The United Nations Educational, Scientific and Cultural Organization, or UNESCO, recognizes Luang Prabang for “both its rich architectural and artistic heritage that reflects the fusion of Lao traditional urban architecture with that of the colonial era,” when Laos was governed by France between 1893 and 1953. 

The U.N. agency designated the town a World Heritage site in 1995, and now assists the Lao government in its protection and management.

According to the Press, Culture and Tourism Department of Luang Prabang province, nearly 440,000 tourists visited the area in the first five months of 2023 – some 400,000 of whom visited from abroad.
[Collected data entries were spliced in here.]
context
  fixes V :: "'a set" and E :: "'a set set" and T :: "'a trigraph"
  assumes T: "represents V E T" and finite_V: "finite V"
begin

lemma card_le_biclique_num_if_black:
  assumes "{P, Q} \<in> tblack T" "biclique_num V E < card P"
  shows "card Q \<le> biclique_num V E"
proof -
  have PQ: "P \<in> tvert T" "Q \<in> tvert T" "P \<noteq> Q" using represents_edgeD[OF T] assms(1) by blast+
  show ?thesis
  proof (rule card_le_biclique_num_if_complete[OF finite_V])
    show "P \<subseteq> V" "Q \<subseteq> V" using represents_part[OF T] PQ by blast+
    show "P \<inter> Q = {}" using represents_disjoint[OF T] PQ by blast
    show "complete_between E P Q" using represents_black_complete[OF T] assms(1) .
  qed (rule assms(2))
qed

lemma card_black_nbhd_le:
  assumes "P \<in> tvert T" "biclique_num V E < card P"
  shows "card (black_nbhd T P) \<le> biclique_num V E"
proof (rule card_le_biclique_num_if_complete[OF finite_V])
  show "P \<subseteq> V" using represents_part[OF T assms(1)] by blast
  show "black_nbhd T P \<subseteq> V" unfolding black_nbhd_def using represents_part[OF T] by blast
  show "P \<inter> black_nbhd T P = {}"
    unfolding black_nbhd_def
    using represents_disjoint[OF T] represents_edgeD[OF T] assms(1) by blast
  show "complete_between E P (black_nbhd T P)"
    unfolding black_nbhd_def complete_between_def
    using represents_black_complete[OF T] unfolding complete_between_def by blast
qed (rule assms(2))

lemma card_charged_le:
  assumes "Q \<in> tvert T"
  shows "card (charged (biclique_num V E) T Q) \<le> biclique_num V E"
  using card_black_nbhd_le[OF assms] unfolding charged_def by simp

lemma red_nbr_if_large_parts_adjacent:
  assumes "{a, b} \<in> E" "a \<in> V" "b \<in> V" "part_of T a \<noteq> part_of T b"
    and "biclique_num V E < card (part_of T a)" "biclique_num V E < card (part_of T b)"
  shows "part_of T b \<in> red_nbrs T (part_of T a)"
proof -
  have "adjacent_between E (part_of T a) (part_of T b)"
    unfolding adjacent_between_def using in_part_of[OF T] assms(1-3) by blast
  then have "{part_of T a, part_of T b} \<in> tblack T \<union> tred T"
    using represents_adjacent[OF T] part_of_in_tvert[OF T] assms(2-4) by blast
  moreover have "{part_of T a, part_of T b} \<notin> tblack T"
    using card_le_biclique_num_if_black assms(5,6) by fastforce
  ultimately show ?thesis unfolding red_nbrs_def by blast
qed

text \<open>No black edge joins two large parts, so a path through large parts moves along red
  edges of T.\<close>
lemma part_of_path_in_reach:
  assumes "is_path V E ps" "i < length ps"
    and "\<And>j. j \<le> i \<Longrightarrow> biclique_num V E < card (part_of T (ps ! j))"
  shows "part_of T (ps ! i) \<in> reach (red_nbrs T) (part_of T (ps ! 0)) i"
  using assms(2,3)
proof (induction i)
  case 0
  then show ?case by simp
next
  case (Suc i)
  then have IH: "part_of T (ps ! i) \<in> reach (red_nbrs T) (part_of T (ps ! 0)) i" by simp
  show ?case
  proof (cases "part_of T (ps ! i) = part_of T (ps ! Suc i)")
    case True
    have "reach (red_nbrs T) (part_of T (ps ! 0)) i
        \<subseteq> reach (red_nbrs T) (part_of T (ps ! 0)) (Suc i)"
      by (rule reach_mono) simp
    then show ?thesis using IH True by auto
  next
    case False
    have "ps ! i \<in> V" "ps ! Suc i \<in> V" "{ps ! i, ps ! Suc i} \<in> E"
      using assms(1) Suc.prems(1) unfolding is_path_def by (auto dest: nth_mem)
    then have "part_of T (ps ! Suc i) \<in> red_nbrs T (part_of T (ps ! i))"
      using red_nbr_if_large_parts_adjacent False Suc.prems(2) by simp
    then show ?thesis using reach_step[OF IH] by blast
  qed
qed

lemma path_end_in_charged:
  assumes "is_path V E ps" "m = length ps - 1" "0 < m" "m \<le> r"
    and "\<And>j. j < m \<Longrightarrow> biclique_num V E < card (part_of T (ps ! j))"
    and "card (part_of T (ps ! m)) \<le> biclique_num V E"
  shows "ps ! m \<in> \<Union>(charged (biclique_num V E) T ` reach (red_nbrs T) (part_of T (ps ! 0)) r)"
proof -
  let ?s = "biclique_num V E" and ?R = "reach (red_nbrs T) (part_of T (ps ! 0))"
  define P where "P = part_of T (ps ! (m - 1))"
  define Q where "Q = part_of T (ps ! m)"
  have m: "length ps = Suc m" using assms(1-3) unfolding is_path_def by simp
  have "Suc (m - 1) < length ps" "Suc (m - 1) = m" using assms(3) m by simp_all
  then have V: "ps ! (m - 1) \<in> V" "ps ! m \<in> V" "{ps ! (m - 1), ps ! m} \<in> E"
    using assms(1) unfolding is_path_def by (metis Suc_lessD nth_mem subsetD)+
  have P_large: "?s < card P" using assms(3,5) unfolding P_def by simp
  have "P \<in> ?R (m - 1)" unfolding P_def
    using assms(3,5) m by (intro part_of_path_in_reach[OF assms(1)]) auto
  moreover have "m - 1 \<le> r" using assms(4) by simp
  ultimately have P_reach: "P \<in> ?R r" using reach_mono by (metis subsetD)
  have "P \<noteq> Q" using P_large assms(6) unfolding Q_def by auto
  then have "adjacent_between E P Q"
    unfolding adjacent_between_def P_def Q_def using in_part_of[OF T] V by blast
  then have "{P, Q} \<in> tblack T \<union> tred T"
    using represents_adjacent[OF T] part_of_in_tvert[OF T] V \<open>P \<noteq> Q\<close> unfolding P_def Q_def by blast
  then consider "{P, Q} \<in> tblack T" | "Q \<in> red_nbrs T P" unfolding red_nbrs_def by blast
  then show ?thesis
  proof cases
    case 1
    then have "ps ! m \<in> black_nbhd T P"
      unfolding black_nbhd_def Q_def using part_of_in_tvert[OF T] in_part_of[OF T] V(2) by blast
    then show ?thesis using P_reach P_large unfolding charged_def by auto
  next
    case 2
    then have "Q \<in> ?R (Suc (m - 1))" by (rule reach_step[OF \<open>P \<in> ?R (m - 1)\<close>])
    moreover have "Suc (m - 1) \<le> r" using assms(3,4) by simp
    ultimately have "Q \<in> ?R r" using reach_mono by (metis subsetD)
    moreover have "ps ! m \<in> charged ?s T Q"
      unfolding charged_def Q_def using assms(6) in_part_of[OF T] V(2) by simp
    ultimately show ?thesis by blast
  qed
qed

lemma card_charged_reach_le:
  assumes "z \<in> tvert T" and red_deg: "\<And>P. P \<in> tvert T \<Longrightarrow> red_deg T P \<le> d"
  shows "card (\<Union>(charged (biclique_num V E) T ` reach (red_nbrs T) z r))
    \<le> (1 + d * (\<Sum>i<r. (d - 1) ^ i)) * biclique_num V E"
proof -
  let ?s = "biclique_num V E" and ?R = "reach (red_nbrs T) z r"
  have finite_N: "finite (red_nbrs T P)" for P by (rule finite_red_nbrs[OF T finite_V])
  have card_N: "card (red_nbrs T P) \<le> d" for P
  proof (cases "P \<in> tvert T")
    case True
    then show ?thesis
      using card_red_nbrs_le_red_deg[OF T finite_V True] red_deg[OF True] by linarith
  next
    case False
    then show ?thesis using red_nbrs_empty[OF T] by simp
  qed
  have R_sub: "?R \<subseteq> tvert T" using reach_subset[OF assms(1) red_nbrs_subset[OF T]] .
  have fin_R: "finite ?R" by (rule finite_reach[OF finite_N])
  have "card (\<Union>(charged ?s T ` ?R)) \<le> (\<Sum>Q\<in>?R. card (charged ?s T Q))"
    by (rule card_UN_le[OF fin_R])
  also have "\<dots> \<le> (\<Sum>Q\<in>?R. ?s)"
    using R_sub card_charged_le by (intro sum_mono) blast
  also have "\<dots> = card ?R * ?s" by simp
  also have "\<dots> \<le> (1 + d * (\<Sum>i<r. (d - 1) ^ i)) * ?s"
    using card_reach_le[of "red_nbrs T" d z r, OF finite_N card_N red_nbrs_sym]
    by (rule mult_le_mono1)
  finally show ?thesis .
qed

end

section \<open>Strong reachability along a contraction sequence\<close>

lemma card_newly_large_le:
  assumes T: "represents V E T" and "finite V" "x \<in> tvert T" "y \<in> tvert T" "x \<noteq> y"
  shows "card {w \<in> V. card (part_of T w) \<le> s \<and> s < card (part_of (contract T x y) w)} \<le> 2 * s"
proof -
  let ?small = "\<lambda>P. if card P \<le> s then P else {}"
  have "{w \<in> V. card (part_of T w) \<le> s \<and> s < card (part_of (contract T x y) w)}
      \<subseteq> ?small x \<union> ?small y"
  proof
    fix w assume w: "w \<in> {w \<in> V. card (part_of T w) \<le> s \<and> s < card (part_of (contract T x y) w)}"
    then have "part_of T w \<in> {x, y}"
      using part_of_contract[OF assms(1,3-5)] by (auto split: if_splits)
    then show "w \<in> ?small x \<union> ?small y" using w in_part_of[OF T] by auto
  qed
  moreover have "finite (?small x)" "finite (?small y)"
    using represents_part[OF T] assms(2-4) finite_subset by auto
  ultimately have "card {w \<in> V. card (part_of T w) \<le> s \<and> s < card (part_of (contract T x y) w)}
      \<le> card (?small x \<union> ?small y)"
    by (intro card_mono) auto
  also have "\<dots> \<le> card (?small x) + card (?small y)" by (rule card_Un_le)
  also have "\<dots> \<le> 2 * s" by simp
  finally show ?thesis .
qed

lemma ord_less_imp_ord_le: "ord_less L u v \<Longrightarrow> ord_le L u v"
  unfolding ord_less_def ord_le_def by (blast intro: less_imp_le)

lemma linord_antimono_exists:
  fixes f :: "'a \<Rightarrow> 'b::linorder"
  assumes "finite V"
  shows "\<exists>L. linord V L \<and> (\<forall>u v. ord_le L u v \<longrightarrow> f v \<le> f u)"
proof -
  obtain xs where xs: "set xs = V" "distinct xs" using finite_distinct_list[OF assms] by blast
  define L where "L = rev (sort_key f xs)"
  have sorted: "sorted_wrt (\<lambda>a b. f b \<le> f a) L"
    unfolding L_def sorted_wrt_rev using sorted_sort_key[of f xs] unfolding sorted_map .
  have "f v \<le> f u" if uv: "ord_le L u v" for u v
  proof -
    obtain i j where ij: "i \<le> j" "j < length L" "L ! i = u" "L ! j = v"
      using uv unfolding ord_le_def by blast
    show ?thesis
    proof (cases "i = j")
      case True
      then show ?thesis using ij by auto
    next
      case False
      then have "f (L ! j) \<le> f (L ! i)" using sorted_wrt_nth_less[OF sorted, of i j] ij by simp
      then show ?thesis using ij by simp
    qed
  qed
  moreover have "linord V L" unfolding linord_def L_def using xs by simp
  ultimately show ?thesis by blast
qed

lemma scol_le:
  assumes "finite V" "V \<noteq> {}" "linord V L" "\<And>v. v \<in> V \<Longrightarrow> card (Sreach V E r L v) \<le> B"
  shows "scol V E r \<le> B"
proof -
  let ?M = "\<lambda>L. Max ((\<lambda>v. card (Sreach V E r L v)) ` V)"
  have "?M L' \<le> card V" for L'
  proof (rule Max.boundedI)
    show "c \<le> card V" if "c \<in> (\<lambda>v. card (Sreach V E r L' v)) ` V" for c
      using that assms(1) unfolding Sreach_def by (auto intro: card_mono)
  qed (use assms(1,2) in simp_all)
  then have "{?M L' | L'. linord V L'} \<subseteq> {..card V}" by auto
  then have "finite {?M L' | L'. linord V L'}" by (rule finite_subset) simp
  moreover have "?M L \<in> {?M L' | L'. linord V L'}" using assms(3) by blast
  ultimately have "scol V E r \<le> ?M L" unfolding scol_def by (rule Min_le)
  also have "\<dots> \<le> B" by (rule Max.boundedI) (use assms in auto)
  finally show ?thesis .
qed

locale contraction_sequence =
  fixes V :: "'a set" and E :: "'a set set" and d :: nat and S :: "'a trigraph list"
  assumes graph: "graph V E" and edges_nonempty: "E \<noteq> {}" and seq: "contraction_seq V E d S"
begin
The largest number of international tourists to Luang Prabang came from neighboring Thailand, followed by those from the United States and China.

Chinese-speaking tour guides in Luang Prabang said that before they had to compete with illegal Chinese tour operators, they could expect to earn up to US$60 a day.

“These days, we don’t have many Chinese tourists using our service,” said one guide. “I am a well-trained tour guide, but I don’t have the opportunity to service them because there are so many Chinese tour guides here.”

The Lao Ministry of Information, Culture and Tourism recently revealed that some 3 million domestic tourists and 2.6 million international tourists visited Laos from 2021-2023, spending US$631 million, and announced plans to attract 4.6 million visitors in 2024, with a revenue target of US$712 million.